ValueError – If map_file, image_dir or destination is invalid.

run()[source]

Executes transformation from imagenet to MindRecord.

Returns: MSRStatus, whether imagenet is successfully transformed to MindRecord.

class mindspore.mindrecord.MindPage(file_name, num_consumer=4)[source]

Class to read MindRecord File series in pagination.

Parameters

file_name (str) – One of MindRecord File or a file list.
num_consumer (int, optional) – The number of consumer threads which load data to memory (default=4). It should not be smaller than 1 or larger than the number of CPUs.

Raises

ParamValueError – If file_name, num_consumer or columns is invalid.
MRMInitSegmentError – If failed to initialize ShardSegment.

property candidate_fields

Return candidate category fields.

Returns: list[str], by which data could be grouped.

property category_field

Getter function for category fields.

Returns: list[str], by which data could be grouped.

get_category_fields()[source]

Return candidate category fields.

Returns: list[str], by which data could be grouped.

read_at_page_by_id(category_id, page, num_row)[source]

Query by category id in pagination.

Parameters

category_id (int) – Category id, referred to the return of read_category_info.
page (int) – Index of page.
num_row (int) – Number of rows in a page.

Returns

list[dict], data queried by category id.

Raises

ParamValueError – If any parameter is invalid.
MRMFetchDataError – If failed to fetch data by category.
MRMUnsupportedSchemaError – If schema is invalid.

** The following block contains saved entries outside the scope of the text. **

lemma approx_eigvec_tendsto:
  fixes mu q :: "nat \<Rightarrow> real" and t :: real
  assumes mu0: "mu \<longlonglongrightarrow> 0" and rho0: "(\<lambda>n. q n / mu n) \<longlonglongrightarrow> 0"
    and pos: "\<forall>\<^sub>F n in sequentially. 0 < mu n \<and> 0 < q n" and "s \<noteq> Ended"
  shows "(\<lambda>n. approx_eigvec (1 - q n) (mu n) (t * (q n)\<^sup>2 / mu n) s) \<longlonglongrightarrow> 1"
proof -
  define rho where "rho n = q n / mu n" for n
  define p where "p n = 1 - q n" for n
  define r where "r n = t * (q n)\<^sup>2 / mu n" for n
  define w where "w n = approx_eigvec (p n) (mu n) (r n)" for n
  have q0: "q \<longlonglongrightarrow> 0"
    by (rule scaled_regime_tendsto(1)[OF mu0 rho0 pos])
  have r0: "r \<longlonglongrightarrow> 0"
    using scaled_regime_tendsto(2)[OF mu0 rho0 pos, of t] by (simp add: r_def[abs_def])
  have rho: "rho \<longlonglongrightarrow> 0"
    using rho0 by (simp add: rho_def[abs_def])
  have p1: "p \<longlonglongrightarrow> 1"
    unfolding p_def[abs_def] using tendsto_diff[OF tendsto_const q0, of 1] by simp
  note lims = eig_scaled_tendsto[OF p1 r0 mu0 rho, of t]
  have scaled: "\<forall>\<^sub>F n in sequentially. w n One_opp = 1 - rho n * eig_scaled_c1 t (rho n) (p n) (mu n) (r n)
      \<and> w n One_same = 1 - rho n * eig_scaled_c2 t (rho n) (p n) (r n)
      \<and> w n Both_same = 1 - q n * (rho n * eig_scaled_c2 t (rho n) (p n) (r n)) / (1 - r n)"
    using pos by eventually_elim (simp add: w_def p_def rho_def r_def approx_eigvec_scaled)
  have "(\<lambda>n. w n s) \<longlonglongrightarrow> 1"
  proof (cases s)
    case Both_opp
    have "(\<lambda>n. 1 - r n / p n) \<longlonglongrightarrow> 1 - 0 / 1"
      by (intro tendsto_intros r0 p1) simp
    then show ?thesis
      using Both_opp by (simp add: w_def approx_eigvec_def)
  next
    case Both_same
    have "(\<lambda>n. 1 - q n * (rho n * eig_scaled_c2 t (rho n) (p n) (r n)) / (1 - r n)) \<longlonglongrightarrow> 1 - 0 * (0 * 1) / (1 - 0)"
      by (intro tendsto_intros q0 rho lims r0) simp
    then have "(\<lambda>n. w n Both_same) \<longlonglongrightarrow> 1 - 0 * (0 * 1) / (1 - 0)"
      by (rule Lim_transform_eventually) (use scaled in \<open>auto elim: eventually_mono\<close>)
    then show ?thesis
      using Both_same by simp
  next
    case One_opp
    have "(\<lambda>n. 1 - rho n * eig_scaled_c1 t (rho n) (p n) (mu n) (r n)) \<longlonglongrightarrow> 1 - 0 * 1"
      by (intro tendsto_intros rho lims)
    then have "(\<lambda>n. w n One_opp) \<longlonglongrightarrow> 1 - 0 * 1"
      by (rule Lim_transform_eventually) (use scaled in \<open>auto elim: eventually_mono\<close>)
    then show ?thesis
      using One_opp by simp
  next
    case One_same
    have "(\<lambda>n. 1 - rho n * eig_scaled_c2 t (rho n) (p n) (r n)) \<longlonglongrightarrow> 1 - 0 * 1"
      by (intro tendsto_intros rho lims)
    then have "(\<lambda>n. w n One_same) \<longlonglongrightarrow> 1 - 0 * 1"
      by (rule Lim_transform_eventually) (use scaled in \<open>auto elim: eventually_mono\<close>)
    then show ?thesis
      using One_same by simp
  qed (use \<open>s \<noteq> Ended\<close> in \<open>simp_all add: w_def approx_eigvec_def\<close>)
  then show ?thesis
    by (simp add: w_def p_def r_def)
qed

lemma approx_eigvec_defect_asymp:
  fixes mu q :: "nat \<Rightarrow> real" and t :: real
  assumes mu0: "mu \<longlonglongrightarrow> 0" and rho0: "(\<lambda>n. q n / mu n) \<longlonglongrightarrow> 0"
    and pos: "\<forall>\<^sub>F n in sequentially. 0 < mu n \<and> 0 < q n"
  defines "r \<equiv> \<lambda>n. t * (q n)\<^sup>2 / mu n"
  defines "w \<equiv> \<lambda>n. approx_eigvec (1 - q n) (mu n) (r n)"
  shows "\<forall>\<^sub>F n in sequentially. eig_det (1 - q n) (mu n) (r n) \<noteq> 0"
    and "(\<lambda>n. mu n / (q n)\<^sup>2 * (lumped_exp (1 - q n) (mu n) Both_opp (w n) - (1 - r n) * w n Both_opp))
           \<longlonglongrightarrow> 2 * t - 2"
proof -
  define rho where "rho n = q n / mu n" for n
  define p where "p n = 1 - q n" for n
  have q0: "q \<longlonglongrightarrow> 0"
    by (rule scaled_regime_tendsto(1)[OF mu0 rho0 pos])
  have r0: "r \<longlonglongrightarrow> 0"
    using scaled_regime_tendsto(2)[OF mu0 rho0 pos, of t] by (simp add: r_def)
  have rho: "rho \<longlonglongrightarrow> 0"
    using rho0 by (simp add: rho_def[abs_def])
  have p1: "p \<longlonglongrightarrow> 1"
    unfolding p_def[abs_def] using tendsto_diff[OF tendsto_const q0, of 1] by simp
  note lims = eig_scaled_tendsto[OF p1 r0 mu0 rho, of t]
  have ev: "\<forall>\<^sub>F n in sequentially. 0 < p n \<and> r n < 1 \<and> 0 < eig_scaled_det t (rho n) (p n) (r n)"
    using order_tendstoD(1)[OF p1, of 0] order_tendstoD(2)[OF r0, of 1] order_tendstoD(1)[OF lims(1), of 0]
    by (simp add: eventually_conj_iff)
  have scaled: "\<forall>\<^sub>F n in sequentially. eig_det (p n) (mu n) (r n) = mu n * eig_scaled_det t (rho n) (p n) (r n)
      \<and> (p n \<noteq> 0 \<longrightarrow> r n \<noteq> 1 \<longrightarrow> lumped_exp (p n) (mu n) Both_opp (w n) - (1 - r n) * w n Both_opp
            = (q n)\<^sup>2 / mu n * eig_scaled_defect t (rho n) (p n) (mu n) (r n))"
    using pos
  proof eventually_elim
    case (elim n)
    then have "mu n \<noteq> 0" by simp
    from approx_eigvec_scaled(1,5)[OF this, of "q n" t] show ?case
      unfolding w_def p_def rho_def r_def by simp
  qed
  with ev pos show "\<forall>\<^sub>F n in sequentially. eig_det (1 - q n) (mu n) (r n) \<noteq> 0"
    by eventually_elim (auto simp: p_def)
  from scaled ev pos have "\<forall>\<^sub>F n in sequentially. eig_scaled_defect t (rho n) (p n) (mu n) (r n)
      = mu n / (q n)\<^sup>2 * (lumped_exp (p n) (mu n) Both_opp (w n) - (1 - r n) * w n Both_opp)"
    by eventually_elim auto
  with lims(4) have "(\<lambda>n. mu n / (q n)\<^sup>2 * (lumped_exp (p n) (mu n) Both_opp (w n) - (1 - r n) * w n Both_opp))
      \<longlonglongrightarrow> 2 * t - 2"
    by (rule Lim_transform_eventually)
  then show "(\<lambda>n. mu n / (q n)\<^sup>2 * (lumped_exp (1 - q n) (mu n) Both_opp (w n) - (1 - r n) * w n Both_opp))
      \<longlonglongrightarrow> 2 * t - 2"
    by (simp only: p_def)
qed
text \<open>On \<open>\<gamma>(s\<^sup>*)\<close> the inverse of \<open>g\<close> sends \<open>x\<close> to \<open>\<Sum>\<^sub>w x(\<gamma> w) w\<close>, so the difference of two
  preimages is a combination \<open>\<Sum>\<^sub>w c\<^sub>w w\<close> of the vertices of \<open>s\<^sup>*\<close> with \<open>\<Sum>\<^sub>w c\<^sub>w = 0\<close>. Both
  \<open>c\<^sup>+\<close> and \<open>c\<^sup>-\<close> have mass \<open>m = \<Sum>\<^sub>w |c\<^sub>w| / 2\<close>, and
  \<open>\<Sum>\<^sub>w c\<^sub>w w = (1/m) \<Sum>\<^sub>w\<^sub>,\<^sub>w\<^sub>' c\<^sup>+\<^sub>w c\<^sup>-\<^sub>w\<^sub>' (w - w')\<close>, so its \<open>d\<^sub>K\<close>-norm is at most \<open>m\<close> times the
  largest distance between two vertices of \<open>s\<^sup>*\<close>. Since the subdivision is proper, the supports of
  two vertices of \<open>s\<^sup>*\<close> share a vertex \<open>v\<close> of \<open>K\<close>, where both coordinates are at least \<open>\<theta>\<close>;
  hence \<open>d\<^sub>K(w, w') \<le> 2 - 2\<theta>\<close>. This gives the contraction factor \<open>1 - \<theta> \<le> 1 - \<theta>/d\<close>.\<close>

subsection \<open>Zero-sum combinations in the \<open>\<ell>\<^sub>1\<close> norm\<close>

lemma zero_sum_comb_eq_pair_differences:
  fixes c f :: "'w \<Rightarrow> real"
  assumes "sum c S = 0"
  shows "(\<Sum>w\<in>S. max (c w) 0) * (\<Sum>w\<in>S. c w * f w)
       = (\<Sum>w\<in>S. \<Sum>w'\<in>S. max (c w) 0 * max (- c w') 0 * (f w - f w'))"
proof -
  define P where "P w = max (c w) 0" for w
  define N where "N w = max (- c w) 0" for w
  have cPN: "c w = P w - N w" for w by (simp add: P_def N_def)
  have mN: "sum N S = sum P S" using assms unfolding cPN by (simp add: sum_subtractf)
  have "(\<Sum>w\<in>S. \<Sum>w'\<in>S. P w * N w' * (f w - f w'))
      = (\<Sum>w\<in>S. P w * f w) * sum N S - sum P S * (\<Sum>w'\<in>S. N w' * f w')"
    by (simp add: sum_distrib_left sum_distrib_right right_diff_distrib sum_subtractf mult_ac)
      (rule sum.swap)
  also have "\<dots> = sum P S * (\<Sum>w\<in>S. c w * f w)"
    by (simp add: mN cPN sum_subtractf left_diff_distrib right_diff_distrib mult.commute)
  finally show ?thesis by (simp add: P_def N_def)
qed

read_at_page_by_name(category_name, page, num_row)[source]

Query by category name in pagination.

Parameters

category_name (str) – String of category field’s value, referred to the return of read_category_info.
page (int) – Index of page.
num_row (int) – Number of row in a page.

Returns

list[dict], data queried by category name.

read_category_info()[source]

Return category information when data is grouped by indicated category field.

Returns: str, description of group information.
Raises: MRMReadCategoryInfoError – If failed to read category information.

set_category_field(category_field)[source]

Set category field for reading.

Note

Should be a candidate category field.

Parameters: category_field (str) – String of category field name.
Returns: MSRStatus, SUCCESS or FAILED.

class mindspore.mindrecord.MnistToMR(source, destination, partition_number=1)[source]

A class to transform from Mnist to MindRecord.

Parameters

source (str) – directory that contains t10k-images-idx3-ubyte.gz, train-images-idx3-ubyte.gz, t10k-labels-idx1-ubyte.gz and train-labels-idx1-ubyte.gz.
destination (str) – the MindRecord file directory to transform into.
partition_number (int, optional) – partition size (default=1).

Raises

ValueError – If source, destination, partition_number is invalid.

run()[source]

Executes transformation from Mnist to MindRecord.

Returns: MSRStatus, whether successfully written into MindRecord.

class mindspore.mindrecord.TFRecordToMR(source, destination, feature_dict, bytes_fields=None)[source]

A class to transform from TFRecord to MindRecord.

Parameters

source (str) – the TFRecord file to be transformed.
destination (str) – the MindRecord file path to transform into.
feature_dict (dict) –
a dictionary that states the feature type, e.g. feature_dict = {“xxxx”: tf.io.FixedLenFeature([], tf.string), “yyyy”: tf.io.FixedLenFeature([], tf.int64)}

Follow case which uses VarLenFeature is not supported.

feature_dict = {“context”: {“xxxx”: tf.io.FixedLenFeature([], tf.string), “yyyy”: tf.io.VarLenFeature(tf.int64)}, “sequence”: {“zzzz”: tf.io.FixedLenSequenceFeature([], tf.float32)}}
bytes_fields (list, optional) – the bytes fields which are in feature_dict and can be images bytes.

Raises

ValueError – If parameter is invalid.
Exception – when tensorflow module is not found or version is not correct.

run()[source]

Execute transformation from TFRecord to MindRecord.

Returns: MSRStatus, whether TFRecord is successfully transformed to MindRecord.

tfrecord_iterator()[source]

Yield a dictionary whose keys are fields in schema.

Yields: dict, data dictionary whose keys are the same as columns.

tfrecord_iterator_oldversion()[source]

Yield a dict with key to be fields in schema, and value to be data. This function is for old version tensorflow whose version number < 2.1.0

Yields: dict, data dictionary whose keys are the same as columns.